The five-tier ladder a finding is rated on, each with a fixed penalty: info (0, advisory only) · low (5) · medium (12) · high (25) · critical (40). One active critical finding caps the whole aggregate score at ≤15; one active high caps it at ≤45.

Finding

A single result from a scan: one rule_id that fired, its severity tier, the file path and line range, and a quotable line of evidence. Findings are never silently deleted — a verified appeal annotates them with the outcome. See Finding evidence.

rule_id

The stable identifier for a detection rule, in the grammar SS-<CATEGORY>-<NAME>-NN (for example SS-HOOKS-RCE-CURL-PIPE-01). Every finding names its rule_id so the verdict is traceable to a documented rule on the live methodology page. Behavioral Agent Scan tests use a separate AS-NN grammar.

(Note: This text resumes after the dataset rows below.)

lemma transpose_pauli_map_eq_kraus_map:
  assumes "X \<in> carrier_mat (2 ^ N) (2 ^ N)"
  shows "transpose_mat (pauli_map N \<mu> X)
    = kraus_map (2 ^ N) (pidx N) (kraus_weight N (\<lambda>is. transpose_sign_tensor N is * \<mu> is)) (kron_tensor ypauli) X"
proof (rule eq_matI)
  let ?\<nu> = "transpose_sign_tensor N"
  fix a b
  assume "a < dim_row (kraus_map (2 ^ N) (pidx N) (kraus_weight N (\<lambda>is. ?\<nu> is * \<mu> is)) (kron_tensor ypauli) X)"
    and "b < dim_col (kraus_map (2 ^ N) (pidx N) (kraus_weight N (\<lambda>is. ?\<nu> is * \<mu> is)) (kron_tensor ypauli) X)"
  then have ab: "a < 2 ^ N" "b < 2 ^ N" by simp_all
  have "(\<Sum>js\<in>pidx N. of_real (comm_sign_tensor N is js) * kron_tensor ypauli js $$ (a', c) * cnj (kron_tensor ypauli js $$ (b', e)))
      = 2 ^ N * (pauli_tensor is $$ (e, c) * (of_real (?\<nu> is) * pauli_tensor is $$ (b', a')))"
    if "is \<in> pidx N" "a' < 2 ^ N" "b' < 2 ^ N" "c < 2 ^ N" "e < 2 ^ N" for "is" a' b' c e
    using kron_tensor_kernel[OF that ypauli_kernel_comm_sign] that
    by (simp add: pauli_tensor_eq_kron_tensor kron_tensor_index transpose_sign_tensor_def prod.distrib mult_ac)
  note kernel = this
  have "transpose_mat (pauli_map N \<mu> X) $$ (a, b)
      = (\<Sum>is\<in>pidx N. of_real (\<mu> is / 2 ^ N) * mtrace (pauli_tensor is * X) * pauli_tensor is $$ (b, a))"
    using ab by (simp add: pauli_map_def)
  also have "\<dots> = (\<Sum>is\<in>pidx N. of_real (?\<nu> is * \<mu> is / 2 ^ N) * mtrace (pauli_tensor is * X)
      * (of_real (?\<nu> is) * pauli_tensor is $$ (b, a)))"
    by (intro sum.cong refl) (simp only: of_real_sign_cancel[OF transpose_sign_tensor_square])
  also have "\<dots> = kraus_map (2 ^ N) (pidx N) (kraus_weight N (\<lambda>is. ?\<nu> is * \<mu> is)) (kron_tensor ypauli) X $$ (a, b)"
    by (rule pauli_sum_eq_kraus_map[OF assms ab kernel])
  finally show "transpose_mat (pauli_map N \<mu> X) $$ (a, b)
      = kraus_map (2 ^ N) (pidx N) (kraus_weight N (\<lambda>is. ?\<nu> is * \<mu> is)) (kron_tensor ypauli) X $$ (a, b)" .
qed simp_all

lemma kron_tensor_hs_orthogonal:
  assumes "is \<in> pidx N" "js \<in> pidx N"
    and orthogonal: "\<And>i j. i < 4 \<Longrightarrow> j < 4 \<Longrightarrow> (\<Sum>x<2. \<Sum>y<2. cnj (F j y x) * F i y x) = (if i = j then 2 else 0)"
  shows "hs_inner (2 ^ N) (kron_tensor F js) (kron_tensor F is) = (if is = js then 2 ^ N else 0)"
proof -
  have "hs_inner (2 ^ N) (kron_tensor F js) (kron_tensor F is)
      = (\<Sum>a<2 ^ N. \<Sum>i<2 ^ N. \<Prod>k<N. cnj (F (js ! k) (qbit k i) (qbit k a)) * F (is ! k) (qbit k i) (qbit k a))"
    unfolding hs_inner_def by (intro sum.cong refl) (simp add: kron_tensor_index[OF assms(1)] kron_tensor_index[OF assms(2)] prod.distrib)
  also have "\<dots> = (\<Sum>a<2 ^ N. \<Prod>k<N. \<Sum>y<2. cnj (F (js ! k) y (qbit k a)) * F (is ! k) y (qbit k a))"
    by (intro sum.cong refl sum_qbit_prod)
  also have "\<dots> = (\<Prod>k<N. \<Sum>x<2. \<Sum>y<2. cnj (F (js ! k) y x) * F (is ! k) y x)"
    by (rule sum_qbit_prod)
  also have "\<dots> = (\<Prod>k<N. if is ! k = js ! k then 2 else 0)"
    by (intro prod.cong refl orthogonal) (auto simp: pidx_nth_less[OF assms(1)] pidx_nth_less[OF assms(2)])
  also have "\<dots> = (if is = js then 2 ^ N else 0)"
    by (rule prod_nth_eq_delta[OF assms(1,2)])
  finally show ?thesis .
qed

lemma choi_form_kraus_map_kron_tensor:
  assumes "js \<in> pidx N"
    and orthogonal: "\<And>i j. i < 4 \<Longrightarrow> j < 4 \<Longrightarrow> (\<Sum>x<2. \<Sum>y<2. cnj (F j y x) * F i y x) = (if i = j then 2 else 0)"
  shows "choi_form (2 ^ N) (kraus_map (2 ^ N) (pidx N) c (kron_tensor F)) (kron_tensor F js) = of_real (4 ^ N * c js)"
proof -
  have "choi_form (2 ^ N) (kraus_map (2 ^ N) (pidx N) c (kron_tensor F)) (kron_tensor F js)
      = (\<Sum>is\<in>pidx N. if is = js then of_real (c js) * (2 ^ N * 2 ^ N) else 0)"
    unfolding choi_form_kraus_map
    by (intro sum.cong refl) (simp add: kron_tensor_hs_orthogonal[OF _ assms(1) orthogonal])
  also have "\<dots> = of_real (4 ^ N * c js)"
    using assms(1) finite_pidx by (simp add: power_mult_distrib[symmetric])
  finally show ?thesis .
qed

Evidence / evidence_excerpt

The matched-line window shown on a finding so you see the exact bytes that triggered the rule. The evidence_excerpt is resolved at request time from the stored snapshot and lives only on the report — the persisted scan trace stores a hash of the matched content, never the raw payload. See Finding evidence.

Drift / rug-pull

A change in a capability’s content between scans — detected as a content-hash difference. A “rug-pull” is the malicious case: a trusted capability ships a poisoned update after it has earned installs. SaferSkills’ hash-drift rule (SS-MCP-SUPPLY-CHAIN-HASH-DRIFT-01) catches the change, though not the intent behind it.

Prompt injection

Untrusted content that the model reads as instructions, causing it to act against the user’s intent. Indirect prompt injection arrives via external content the model ingests — exactly what a skill body or an MCP tool description is. OWASP ranks it LLM01:2025, the top risk in the OWASP Top 10 for LLM Applications.

Tool poisoning

An attack specific to MCP servers: malicious instructions hidden in a tool’s description, invisible to the user but read by the model. Demonstrated by Invariant Labs (April 2025) and listed as MCP03:2025 in the OWASP MCP Top 10.

Agent Scan

A behavioral assessment of a whole running agent — as opposed to a static component scan of files. It grades how an agent behaves against a pack of behavioral tests (AS-01 … AS-22) run against mock tools only, with zero real side effects. See Agent Scan.

Right-of-reply

The vendor appeal channel: a verified repository owner can publicly respond to a verdict, and a verified appeal triggers a re-scan with a one-hour response SLA. Findings are annotated with the appeal outcome, never silently removed. Uploads (no repo to verify) have no right-of-reply.

Scan run

One scan of a repository, which discovers and scores every capability it contains and rolls them up into a repo report. Each run records its ref_sha (the scanned commit, or content_hash_sha256 for an upload) so the verdict is reproducible.

rubric_version

The git SHA of the rubric/ rule set at the moment of a scan, stamped on every report alongside engine_version. Re-running the same rubric_version against the same bytes reproduces the verdict byte-for-byte, which is what makes SaferSkills deterministic and auditable. See How scoring works.